Nothing should be left out: write out the whole listing exactly.

── DATA SECTION

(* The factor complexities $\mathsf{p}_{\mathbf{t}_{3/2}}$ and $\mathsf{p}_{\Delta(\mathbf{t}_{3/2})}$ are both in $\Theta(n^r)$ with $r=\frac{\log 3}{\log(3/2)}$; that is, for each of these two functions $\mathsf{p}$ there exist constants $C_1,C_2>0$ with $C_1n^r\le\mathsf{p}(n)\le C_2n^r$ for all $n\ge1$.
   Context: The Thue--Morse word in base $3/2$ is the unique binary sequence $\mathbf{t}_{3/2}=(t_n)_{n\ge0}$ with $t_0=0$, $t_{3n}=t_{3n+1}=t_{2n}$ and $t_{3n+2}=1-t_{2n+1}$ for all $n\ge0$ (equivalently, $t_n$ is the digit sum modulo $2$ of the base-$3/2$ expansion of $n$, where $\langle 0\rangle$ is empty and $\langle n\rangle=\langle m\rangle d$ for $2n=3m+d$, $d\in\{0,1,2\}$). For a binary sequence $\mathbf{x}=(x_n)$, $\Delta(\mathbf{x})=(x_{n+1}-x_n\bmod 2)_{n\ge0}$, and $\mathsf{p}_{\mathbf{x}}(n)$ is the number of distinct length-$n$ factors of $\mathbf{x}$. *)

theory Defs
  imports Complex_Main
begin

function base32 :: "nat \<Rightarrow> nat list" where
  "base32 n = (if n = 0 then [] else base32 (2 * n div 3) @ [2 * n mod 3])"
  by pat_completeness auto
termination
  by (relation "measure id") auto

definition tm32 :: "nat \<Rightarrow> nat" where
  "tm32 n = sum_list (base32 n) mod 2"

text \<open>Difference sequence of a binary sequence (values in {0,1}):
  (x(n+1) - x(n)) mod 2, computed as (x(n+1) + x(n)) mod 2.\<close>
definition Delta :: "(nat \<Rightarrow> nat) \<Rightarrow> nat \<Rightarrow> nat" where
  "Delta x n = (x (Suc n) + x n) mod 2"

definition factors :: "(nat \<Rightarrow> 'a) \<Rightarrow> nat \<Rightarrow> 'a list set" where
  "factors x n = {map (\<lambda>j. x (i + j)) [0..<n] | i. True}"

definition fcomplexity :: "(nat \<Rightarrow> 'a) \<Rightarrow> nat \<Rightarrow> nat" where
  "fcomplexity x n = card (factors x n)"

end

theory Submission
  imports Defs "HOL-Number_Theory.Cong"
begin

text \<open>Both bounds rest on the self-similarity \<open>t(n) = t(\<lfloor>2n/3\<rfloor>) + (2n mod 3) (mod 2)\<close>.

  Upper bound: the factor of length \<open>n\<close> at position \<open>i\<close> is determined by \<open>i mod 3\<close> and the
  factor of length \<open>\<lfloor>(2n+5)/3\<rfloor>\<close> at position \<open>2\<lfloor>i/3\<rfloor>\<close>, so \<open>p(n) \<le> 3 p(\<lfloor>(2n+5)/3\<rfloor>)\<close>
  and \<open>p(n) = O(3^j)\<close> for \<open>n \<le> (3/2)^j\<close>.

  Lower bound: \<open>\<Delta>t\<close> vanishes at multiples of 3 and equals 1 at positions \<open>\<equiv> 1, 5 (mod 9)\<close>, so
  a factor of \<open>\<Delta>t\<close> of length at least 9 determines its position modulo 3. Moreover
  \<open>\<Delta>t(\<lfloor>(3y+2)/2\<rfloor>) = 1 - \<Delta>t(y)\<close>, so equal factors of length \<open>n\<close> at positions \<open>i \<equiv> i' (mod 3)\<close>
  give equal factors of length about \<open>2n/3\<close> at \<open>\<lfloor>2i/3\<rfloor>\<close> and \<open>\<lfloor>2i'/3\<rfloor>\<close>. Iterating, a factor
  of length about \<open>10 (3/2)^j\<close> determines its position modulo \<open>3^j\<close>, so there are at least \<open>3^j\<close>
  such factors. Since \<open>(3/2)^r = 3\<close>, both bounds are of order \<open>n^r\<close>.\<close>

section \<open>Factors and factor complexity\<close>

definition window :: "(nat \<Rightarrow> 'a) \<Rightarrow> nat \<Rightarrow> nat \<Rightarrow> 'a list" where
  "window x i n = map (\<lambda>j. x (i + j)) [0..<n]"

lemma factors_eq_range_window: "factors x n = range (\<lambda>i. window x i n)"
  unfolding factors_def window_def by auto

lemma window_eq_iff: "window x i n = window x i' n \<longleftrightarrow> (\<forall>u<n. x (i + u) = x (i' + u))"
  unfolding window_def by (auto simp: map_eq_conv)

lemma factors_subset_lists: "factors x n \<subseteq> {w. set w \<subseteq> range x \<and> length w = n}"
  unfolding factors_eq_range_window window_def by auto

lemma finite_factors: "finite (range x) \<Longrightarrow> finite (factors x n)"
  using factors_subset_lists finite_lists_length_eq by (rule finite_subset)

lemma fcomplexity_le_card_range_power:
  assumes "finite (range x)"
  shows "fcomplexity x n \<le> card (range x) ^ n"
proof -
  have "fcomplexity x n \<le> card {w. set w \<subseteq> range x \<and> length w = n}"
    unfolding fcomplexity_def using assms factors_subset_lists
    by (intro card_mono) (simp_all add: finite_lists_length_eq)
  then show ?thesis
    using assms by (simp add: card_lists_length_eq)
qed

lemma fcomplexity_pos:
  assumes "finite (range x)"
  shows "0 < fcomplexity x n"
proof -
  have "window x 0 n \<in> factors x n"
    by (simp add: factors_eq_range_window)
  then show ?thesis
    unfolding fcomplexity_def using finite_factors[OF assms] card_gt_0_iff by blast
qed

────

▸ ANSWER SPACE
(* The factor complexities $\mathsf{p}_{\mathbf{t}_{3/2}}$ and $\mathsf{p}_{\Delta(\mathbf{t}_{3/2})}$ are both in $\Theta(n^r)$ with $r=\frac{\log 3}{\log(3/2)}$; that is, for each of these two functions $\mathsf{p}$ there exist constants $C_1,C_2>0$ with $C_1n^r\le\mathsf{p}(n)\le C_2n^r$ for all $n\ge1$.
   Context: The Thue--Morse word in base $3/2$ is the unique binary sequence $\mathbf{t}_{3/2}=(t_n)_{n\ge0}$ with $t_0=0$, $t_{3n}=t_{3n+1}=t_{2n}$ and $t_{3n+2}=1-t_{2n+1}$ for all $n\ge0$ (equivalently, $t_n$ is the digit sum modulo $2$ of the base-$3/2$ expansion of $n$, where $\langle 0\rangle$ is empty and $\langle n\rangle=\langle m\rangle d$ for $2n=3m+d$, $d\in\{0,1,2\}$). For a binary sequence $\mathbf{x}=(x_n)$, $\Delta(\mathbf{x})=(x_{n+1}-x_n\bmod 2)_{n\ge0}$, and $\mathsf{p}_{\mathbf{x}}(n)$ is the number of distinct length-$n$ factors of $\mathbf{x}$. *)

theory Defs
  imports Complex_Main
begin

function base32 :: "nat \<Rightarrow> nat list" where
  "base32 n = (if n = 0 then [] else base32 (2 * n div 3) @ [2 * n mod 3])"
  by pat_completeness auto
termination
  by (relation "measure id") auto

definition tm32 :: "nat \<Rightarrow> nat" where
  "tm32 n = sum_list (base32 n) mod 2"

text \<open>Difference sequence of a binary sequence (values in {0,1}):
  (x(n+1) - x(n)) mod 2, computed as (x(n+1) + x(n)) mod 2.\<close>
definition Delta :: "(nat \<Rightarrow> nat) \<Rightarrow> nat \<Rightarrow> nat" where
  "Delta x n = (x (Suc n) + x n) mod 2"

definition factors :: "(nat \<Rightarrow> 'a) \<Rightarrow> nat \<Rightarrow> 'a list set" where
  "factors x n = {map (\<lambda>j. x (i + j)) [0..<n] | i. True}"

definition fcomplexity :: "(nat \<Rightarrow> 'a) \<Rightarrow> nat \<Rightarrow> nat" where
  "fcomplexity x n = card (factors x n)"

end

theory Submission
  imports Defs "HOL-Number_Theory.Cong"
begin

text \<open>Both bounds rest on the self-similarity \<open>t(n) = t(\<lfloor>2n/3\<rfloor>) + (2n mod 3) (mod 2)\<close>.

  Upper bound: the factor of length \<open>n\<close> at position \<open>i\<close> is determined by \<open>i mod 3\<close> and the
  factor of length \<open>\<lfloor>(2n+5)/3\<rfloor>\<close> at position \<open>2\<lfloor>i/3\<rfloor>\<close>, so \<open>p(n) \<le> 3 p(\<lfloor>(2n+5)/3\<rfloor>)\<close>
  and \<open>p(n) = O(3^j)\<close> for \<open>n \<le> (3/2)^j\<close>.

  Lower bound: \<open>\<Delta>t\<close> vanishes at multiples of 3 and equals 1 at positions \<open>\<equiv> 1, 5 (mod 9)\<close>, so
  a factor of \<open>\<Delta>t\<close> of length at least 9 determines its position modulo 3. Moreover
  \<open>\<Delta>t(\<lfloor>(3y+2)/2\<rfloor>) = 1 - \<Delta>t(y)\<close>, so equal factors of length \<open>n\<close> at positions \<open>i \<equiv> i' (mod 3)\<close>
  give equal factors of length about \<open>2n/3\<close> at \<open>\<lfloor>2i/3\<rfloor>\<close> and \<open>\<lfloor>2i'/3\<rfloor>\<close>. Iterating, a factor
  of length about \<open>10 (3/2)^j\<close> determines its position modulo \<open>3^j\<close>, so there are at least \<open>3^j\<close>
  such factors. Since \<open>(3/2)^r = 3\<close>, both bounds are of order \<open>n^r\<close>.\<close>

section \<open>Factors and factor complexity\<close>

definition window :: "(nat \<Rightarrow> 'a) \<Rightarrow> nat \<Rightarrow> nat \<Rightarrow> 'a list" where
  "window x i n = map (\<lambda>j. x (i + j)) [0..<n]"

lemma factors_eq_range_window: "factors x n = range (\<lambda>i. window x i n)"
  unfolding factors_def window_def by auto

lemma window_eq_iff: "window x i n = window x i' n \<longleftrightarrow> (\<forall>u<n. x (i + u) = x (i' + u))"
  unfolding window_def by (auto simp: map_eq_conv)

lemma factors_subset_lists: "factors x n \<subseteq> {w. set w \<subseteq> range x \<and> length w = n}"
  unfolding factors_eq_range_window window_def by auto

lemma finite_factors: "finite (range x) \<Longrightarrow> finite (factors x n)"
  using factors_subset_lists finite_lists_length_eq by (rule finite_subset)

lemma fcomplexity_le_card_range_power:
  assumes "finite (range x)"
  shows "fcomplexity x n \<le> card (range x) ^ n"
proof -
  have "fcomplexity x n \<le> card {w. set w \<subseteq> range x \<and> length w = n}"
    unfolding fcomplexity_def using assms factors_subset_lists
    by (intro card_mono) (simp_all add: finite_lists_length_eq)
  then show ?thesis
    using assms by (simp add: card_lists_length_eq)
qed

lemma fcomplexity_pos:
  assumes "finite (range x)"
  shows "0 < fcomplexity x n"
proof -
  have "window x 0 n \<in> factors x n"
    by (simp add: factors_eq_range_window)
  then show ?thesis
    unfolding fcomplexity_def using finite_factors[OF assms] card_gt_0_iff by blast
qed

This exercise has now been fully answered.